__Available data__.
(* For any $n\in\mathbb{N}$ and $A>0$, there exists $f\in C^2[-1,1]$ with $f\le0$ on $[-1,0]$ and $f\ge0$ on $[0,1]$, such that every algebraic polynomial $P_n$ of degree $\le n$ with $P_n\le0$ on $[-1,0]$, $P_n\ge0$ on $[0,1]$ and $P_n^{(i)}(0)=f^{(i)}(0)$ for $i=0,1$ obeys $$\|f-P_n\|>A\,\omega_4(f'',1).$$
   Context: $\|\cdot\|$ is the sup norm on $[-1,1]$; $\omega_4(g,t)$ is the fourth modulus of smoothness of $g$ on $[-1,1]$. *)

theory Defs
  imports "HOL-Analysis.Analysis" "HOL-Computational_Algebra.Polynomial"
begin

definition sup_norm11 :: "(real \<Rightarrow> real) \<Rightarrow> real" where
  "sup_norm11 g = (SUP x\<in>{-1..1}. \<bar>g x\<bar>)"

definition diff4 :: "(real \<Rightarrow> real) \<Rightarrow> real \<Rightarrow> real \<Rightarrow> real" where
  "diff4 g h x = (\<Sum>i\<le>4. (-1) ^ (4 - i) * real (4 choose i) * g (x + real i * h))"

definition omega4 :: "(real \<Rightarrow> real) \<Rightarrow> real \<Rightarrow> real" where
  "omega4 g t = (SUP (h, x)\<in>{(h, x). 0 < h \<and> h \<le> t \<and> -1 \<le> x \<and> x + 4 * h \<le> 1}.
                    \<bar>diff4 g h x\<bar>)"

definition C2_on11 :: "(real \<Rightarrow> real) \<Rightarrow> (real \<Rightarrow> real) \<Rightarrow> (real \<Rightarrow> real) \<Rightarrow> bool" where
  "C2_on11 f f1 f2 \<longleftrightarrow>
     (\<forall>x\<in>{-1..1}. (f has_real_derivative f1 x) (at x within {-1..1})) \<and>
     (\<forall>x\<in>{-1..1}. (f1 has_real_derivative f2 x) (at x within {-1..1})) \<and>
     continuous_on {-1..1} f2"

end

theory Submission
  imports Defs
begin

(* For small b > 0 take f = cex b = q + r, where q = cex_poly b and r = cex_rat b:
     q(x) = x^5 - 2 b^2 x^3 + 3/4 b^4 x = x ((x^2 - b^2)^2 - b^4/4),
     r(x) = b^4 x^3 / (x^2 + b^2) = b^5 rho(x/b),  rho(t) = t^3 / (t^2 + 1).
   Then f(x) = x * (nonnegative), which gives the sign conditions; |r| <= b^4 on [-1,1],
   and since fourth differences annihilate the cubic q'', omega_4(f'', 1) <= 16 sup |r''| = O(b^3).
   If P is admissible, D = P - q has D'(0) = 0, and the sign conditions on P force
   D(b) - D(-b) = P(b) - P(-b) + b^5/2 >= b^5/2.  On the other hand, on polynomials of bounded
   degree the functional D(b) - D(-b) - 2 b D'(0) is O(||D|| b^3) (expand D in a Lagrange basis),
   and ||D|| <= ||f - P|| + b^4.  Hence ||f - P|| is of order b^2, which beats A omega_4(f'', 1)
   once b is small. *)

section \<open>Lagrange interpolation\<close>

definition lagrange_basis :: "'a::field set \<Rightarrow> 'a \<Rightarrow> 'a poly" where
  "lagrange_basis X x = smult (1 / (\<Prod>y\<in>X - {x}. x - y)) (\<Prod>y\<in>X - {x}. [:-y, 1:])"

lemma poly_lagrange_basis:
  assumes "finite X" "x \<in> X" "z \<in> X"
  shows "poly (lagrange_basis X x) z = (if z = x then 1 else 0)"
proof -
  have "(\<Prod>y\<in>X - {x}. x - y) \<noteq> 0" and "z \<noteq> x \<Longrightarrow> (\<Prod>y\<in>X - {x}. z - y) = 0"
    using assms by auto
  then show ?thesis
    by (simp add: lagrange_basis_def poly_prod)
qed

lemma degree_lagrange_basis:
  assumes "finite X" "x \<in> X"
  shows "degree (lagrange_basis X x) < card X"
proof -
  have "degree (lagrange_basis X x) \<le> degree (\<Prod>y\<in>X - {x}. [:-y, 1:])"
    unfolding lagrange_basis_def by (rule degree_smult_le)
  also have "\<dots> \<le> (\<Sum>y\<in>X - {x}. degree [:-y, 1:])"
    using degree_prod_sum_le[of "X - {x}" "\<lambda>y. [:-y, 1:]"] assms by (simp add: o_def)
  also have "\<dots> = card X - 1"
    using assms by (simp add: card_Diff_singleton)
  also have "\<dots> < card X"
    using assms by (auto simp: card_gt_0_iff intro!: diff_less)
  finally show ?thesis .
qed

lemma lagrange_interpolation:
  assumes "finite X" "degree p < card X"
  shows "p = (\<Sum>x\<in>X. smult (poly p x) (lagrange_basis X x))"
proof (rule poly_eqI_degree[of X])
  fix z assume "z \<in> X"
  have "poly (\<Sum>x\<in>X. smult (poly p x) (lagrange_basis X x)) z
      = (\<Sum>x\<in>X. poly p x * poly (lagrange_basis X x) z)"
    by (simp add: poly_sum)
  also have "\<dots> = (\<Sum>x\<in>X. if x = z then poly p x else 0)"
    using assms(1) \<open>z \<in> X\<close> by (intro sum.cong) (auto simp: poly_lagrange_basis)
  also have "\<dots> = poly p z"
    using assms(1) \<open>z \<in> X\<close> by simp
  finally show "poly p z = poly (\<Sum>x\<in>X. smult (poly p x) (lagrange_basis X x)) z" ..
next
  show "degree (\<Sum>x\<in>X. smult (poly p x) (lagrange_basis X x)) < card X"
    using assms degree_lagrange_basis degree_smult_le
    by (intro degree_sum_less) (auto intro: le_less_trans)
qed (fact assms)

section \<open>A Markov-type bound for the odd remainder\<close>

definition odd_remainder :: "real poly \<Rightarrow> real \<Rightarrow> real" where
  "odd_remainder q b = poly q b - poly q (-b) - 2 * b * coeff q 1"

definition coeff_abs_sum :: "real poly \<Rightarrow> real" where
  "coeff_abs_sum q = (\<Sum>k\<le>degree q. \<bar>coeff q k\<bar>)"

lemma coeff_abs_sum_nonneg: "coeff_abs_sum q \<ge> 0"
  unfolding coeff_abs_sum_def by (simp add: sum_nonneg)

lemma abs_odd_remainder_monomial_le:
  fixes b :: real
  assumes "\<bar>b\<bar> \<le> 1"
  shows "\<bar>b ^ k - (-b) ^ k - (if k = 1 then 2 * b else 0)\<bar> \<le> 2 * \<bar>b\<bar> ^ 3"
proof (cases "k \<le> 2")
  case True
  then have "k = 0 \<or> k = 1 \<or> k = 2" by auto
  then show ?thesis by auto
next
  case False
  have "\<bar>b ^ k - (-b) ^ k\<bar> \<le> \<bar>b\<bar> ^ k + \<bar>b\<bar> ^ k"
    by (metis abs_minus_cancel abs_triangle_ineq4 power_abs)
  also have "\<bar>b\<bar> ^ k \<le> \<bar>b\<bar> ^ 3"
    using False assms by (intro power_decreasing) auto
  finally show ?thesis using False by auto
qed

lemma odd_remainder_altdef:
  "odd_remainder q b = (\<Sum>k\<le>degree q. coeff q k * (b ^ k - (-b) ^ k - (if k = 1 then 2 * b else 0)))"
proof -
  have coeff_1: "coeff q 1 = (\<Sum>k\<le>degree q. if k = 1 then coeff q k else 0)"
    by (cases "degree q = 0") (auto simp: coeff_eq_0)
  have termwise: "\<And>k. coeff q k * (b ^ k - (-b) ^ k - (if k = 1 then 2 * b else 0))
      = coeff q k * b ^ k - coeff q k * (-b) ^ k - 2 * b * (if k = 1 then coeff q k else 0)"
    by (simp add: algebra_simps)
  show ?thesis
    unfolding termwise sum_subtractf sum_distrib_left[symmetric] odd_remainder_def poly_altdef
      coeff_1[symmetric] ..
qed

lemma abs_odd_remainder_le:
  assumes "\<bar>b\<bar> \<le> 1"
  shows "\<bar>odd_remainder q b\<bar> \<le> 2 * coeff_abs_sum q * \<bar>b\<bar> ^ 3"
proof -
  have "\<bar>odd_remainder q b\<bar> \<le> (\<Sum>k\<le>degree q. \<bar>coeff q k\<bar> * (2 * \<bar>b\<bar> ^ 3))"
    unfolding odd_remainder_altdef
    by (rule order_trans[OF sum_abs sum_mono])
      (simp only: abs_mult, intro mult_left_mono abs_odd_remainder_monomial_le assms abs_ge_zero)
  also have "\<dots> = 2 * coeff_abs_sum q * \<bar>b\<bar> ^ 3"
    by (simp add: coeff_abs_sum_def sum_distrib_left[symmetric] sum_distrib_right[symmetric] mult_ac)
  finally show ?thesis .
qed

lemma odd_remainder_sum_smult:
  "odd_remainder (\<Sum>x\<in>X. smult (c x) (p x)) b = (\<Sum>x\<in>X. c x * odd_remainder (p x) b)"
  by (simp add: odd_remainder_def poly_sum coeff_sum sum_subtractf sum_distrib_left algebra_simps
      sum.distrib)

lemma abs_odd_remainder_le_nodes:
  assumes "finite X" "degree p < card X" "\<And>x. x \<in> X \<Longrightarrow> \<bar>poly p x\<bar> \<le> B" "\<bar>b\<bar> \<le> 1"
  shows "\<bar>odd_remainder p b\<bar> \<le> 2 * B * (\<Sum>x\<in>X. coeff_abs_sum (lagrange_basis X x)) * \<bar>b\<bar> ^ 3"
proof -
  have "odd_remainder p b = (\<Sum>x\<in>X. poly p x * odd_remainder (lagrange_basis X x) b)"
    by (subst lagrange_interpolation[OF assms(1,2)]) (rule odd_remainder_sum_smult)
  also have "\<bar>\<dots>\<bar> \<le> (\<Sum>x\<in>X. B * (2 * coeff_abs_sum (lagrange_basis X x) * \<bar>b\<bar> ^ 3))"
    by (rule order_trans[OF sum_abs sum_mono])
      (simp only: abs_mult, intro mult_mono' assms(3) abs_odd_remainder_le[OF assms(4)] abs_ge_zero)
  also have "\<dots> = 2 * B * (\<Sum>x\<in>X. coeff_abs_sum (lagrange_basis X x)) * \<bar>b\<bar> ^ 3"
    by (simp add: sum_distrib_left sum_distrib_right mult_ac)
  finally show ?thesis .
qed

lemma odd_remainder_bound:
  obtains K :: real where "K > 0" and
    "\<And>p B b. degree p \<le> N \<Longrightarrow> (\<And>x. x \<in> {-1..1} \<Longrightarrow> \<bar>poly p x\<bar> \<le> B) \<Longrightarrow> \<bar>b\<bar> \<le> 1 \<Longrightarrow>
      \<bar>odd_remainder p b\<bar> \<le> K * B * \<bar>b\<bar> ^ 3"
proof
  define X where "X = (\<lambda>k. real k / real (Suc N)) ` {..N}"
  have "finite X" and card_X: "card X = Suc N" and X_sub: "X \<subseteq> {-1..1}"
    unfolding X_def by (auto simp: card_image inj_on_def field_simps)
  define S where "S = (\<Sum>x\<in>X. coeff_abs_sum (lagrange_basis X x))"
  have "S \<ge> 0"
    unfolding S_def by (simp add: sum_nonneg coeff_abs_sum_nonneg)
  then show "2 * S + 1 > 0" by simp
  fix p :: "real poly" and B b :: real
  assume "degree p \<le> N" and p_bound: "\<And>x. x \<in> {-1..1} \<Longrightarrow> \<bar>poly p x\<bar> \<le> B" and "\<bar>b\<bar> \<le> 1"
  have "B \<ge> 0"
    using p_bound[of 0] by (simp add: order_trans[OF abs_ge_zero])
  have "\<bar>odd_remainder p b\<bar> \<le> 2 * B * S * \<bar>b\<bar> ^ 3"
    unfolding S_def using \<open>finite X\<close> \<open>degree p \<le> N\<close> card_X X_sub \<open>\<bar>b\<bar> \<le> 1\<close>
    by (intro abs_odd_remainder_le_nodes) (auto intro: p_bound)
  also have "\<dots> \<le> (2 * S + 1) * B * \<bar>b\<bar> ^ 3"
    using \<open>B \<ge> 0\<close> by (intro mult_right_mono) (auto simp: algebra_simps)
  finally show "\<bar>odd_remainder p b\<bar> \<le> (2 * S + 1) * B * \<bar>b\<bar> ^ 3" .
qed

section \<open>Fourth differences and the modulus of smoothness\<close>

lemma diff4_expand:
  "diff4 g h x = g x - 4 * g (x + h) + 6 * g (x + 2 * h) - 4 * g (x + 3 * h) + g (x + 4 * h)"
  unfolding diff4_def by (simp add: eval_nat_numeral atMost_Suc algebra_simps)

lemma diff4_add: "diff4 (\<lambda>y. g y + k y) h x = diff4 g h x + diff4 k h x"
  unfolding diff4_expand by simp

lemma diff4_poly_degree_le_3:
  assumes "degree p \<le> 3"
  shows "diff4 (poly p) h x = 0"
proof -
  have "poly p y = (\<Sum>i\<le>3. coeff p i * y ^ i)" for y
    unfolding poly_altdef using assms
    by (intro sum.mono_neutral_left) (auto simp: coeff_eq_0)
  then have cubic: "poly p = (\<lambda>y. coeff p 0 + coeff p 1 * y + coeff p 2 * y ^ 2 + coeff p 3 * y ^ 3)"
    by (simp add: eval_nat_numeral atMost_Suc fun_eq_iff)
  show ?thesis
    unfolding diff4_expand cubic by algebra
qed

lemma abs_diff4_le:
  assumes "\<And>y. \<bar>g y\<bar> \<le> c"
  shows "\<bar>diff4 g h x\<bar> \<le> 16 * c"
  unfolding diff4_expand
  using assms[of x] assms[of "x + h"] assms[of "x + 2 * h"] assms[of "x + 3 * h"] assms[of "x + 4 * h"]
  by linarith

lemma omega4_le:
  assumes "t > 0" and "\<And>h x. 0 < h \<Longrightarrow> h \<le> t \<Longrightarrow> -1 \<le> x \<Longrightarrow> x + 4 * h \<le> 1 \<Longrightarrow> \<bar>diff4 g h x\<bar> \<le> c"
  shows "omega4 g t \<le> c"
  unfolding omega4_def
proof (rule cSUP_least)
  have "(min t (1/4), -1) \<in> {(h, x). 0 < h \<and> h \<le> t \<and> -1 \<le> x \<and> x + 4 * h \<le> 1}"
    using assms(1) by auto
  then show "{(h, x). 0 < h \<and> h \<le> t \<and> -1 \<le> x \<and> x + 4 * h \<le> 1} \<noteq> {}"
    by blast
qed (use assms(2) in auto)

lemma abs_le_sup_norm11:
  assumes "continuous_on {-1..1} g" "x \<in> {-1..1}"
  shows "\<bar>g x\<bar> \<le> sup_norm11 g"
  unfolding sup_norm11_def
proof (rule cSUP_upper[OF assms(2)])
  show "bdd_above ((\<lambda>x. \<bar>g x\<bar>) ` {-1..1})"
    by (intro bounded_imp_bdd_above compact_imp_bounded compact_continuous_image compact_Icc
        continuous_intros assms(1))
qed

lemma C2_on11_continuous_on: "C2_on11 f f1 f2 \<Longrightarrow> continuous_on {-1..1} f"
  unfolding C2_on11_def by (blast intro: DERIV_continuous_on)

section \<open>The extremal function\<close>

definition cex_poly :: "real \<Rightarrow> real poly" where
  "cex_poly b = [:0, 3/4 * b ^ 4, 0, -2 * b ^ 2, 0, 1:]"

definition cex_rat :: "real \<Rightarrow> real \<Rightarrow> real" where
  "cex_rat b x = b ^ 4 * x ^ 3 / (x\<^sup>2 + b\<^sup>2)"

definition cex_rat' :: "real \<Rightarrow> real \<Rightarrow> real" where
  "cex_rat' b x = b ^ 4 * (x ^ 4 + 3 * b\<^sup>2 * x\<^sup>2) / (x\<^sup>2 + b\<^sup>2)\<^sup>2"

definition cex_rat'' :: "real \<Rightarrow> real \<Rightarrow> real" where
  "cex_rat'' b x = 2 * b ^ 6 * x * (3 * b\<^sup>2 - x\<^sup>2) / (x\<^sup>2 + b\<^sup>2) ^ 3"

definition cex :: "real \<Rightarrow> real \<Rightarrow> real" where
  "cex b x = poly (cex_poly b) x + cex_rat b x"

definition cex' :: "real \<Rightarrow> real \<Rightarrow> real" where
  "cex' b x = poly (pderiv (cex_poly b)) x + cex_rat' b x"

definition cex'' :: "real \<Rightarrow> real \<Rightarrow> real" where
  "cex'' b x = poly (pderiv (pderiv (cex_poly b))) x + cex_rat'' b x"

lemma cex_denom_pos: "b \<noteq> 0 \<Longrightarrow> x\<^sup>2 + b\<^sup>2 > (0::real)"
  by (simp add: add_nonneg_pos)

lemma has_real_derivative_cex_rat:
  assumes "b \<noteq> 0"
  shows "(cex_rat b has_real_derivative cex_rat' b x) (at x)"
proof -
  have nz: "x\<^sup>2 + b\<^sup>2 \<noteq> 0"
    using cex_denom_pos[OF assms, of x] by linarith
  show ?thesis
    unfolding cex_rat_def[abs_def] cex_rat'_def
    by (rule derivative_eq_intros refl | simp add: nz assms)+ (simp add: nz divide_simps, algebra)
qed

__Task directions__.
For this task, write out exactly the lines of the entries above, starting at the line with "using assms by (simp" and ending at the line with "section \<open>A Markov-type", both included, and no others.

__Written response__.
    using assms by (simp add: card_Diff_singleton)
  also have "\<dots> < card X"
    using assms by (auto simp: card_gt_0_iff intro!: diff_less)
  finally show ?thesis .
qed

lemma lagrange_interpolation:
  assumes "finite X" "degree p < card X"
  shows "p = (\<Sum>x\<in>X. smult (poly p x) (lagrange_basis X x))"
proof (rule poly_eqI_degree[of X])
  fix z assume "z \<in> X"
  have "poly (\<Sum>x\<in>X. smult (poly p x) (lagrange_basis X x)) z
      = (\<Sum>x\<in>X. poly p x * poly (lagrange_basis X x) z)"
    by (simp add: poly_sum)
  also have "\<dots> = (\<Sum>x\<in>X. if x = z then poly p x else 0)"
    using assms(1) \<open>z \<in> X\<close> by (intro sum.cong) (auto simp: poly_lagrange_basis)
  also have "\<dots> = poly p z"
    using assms(1) \<open>z \<in> X\<close> by simp
  finally show "poly p z = poly (\<Sum>x\<in>X. smult (poly p x) (lagrange_basis X x)) z" ..
next
  show "degree (\<Sum>x\<in>X. smult (poly p x) (lagrange_basis X x)) < card X"
    using assms degree_lagrange_basis degree_smult_le
    by (intro degree_sum_less) (auto intro: le_less_trans)
qed (fact assms)

section \<open>A Markov-type bound for the odd remainder\<close>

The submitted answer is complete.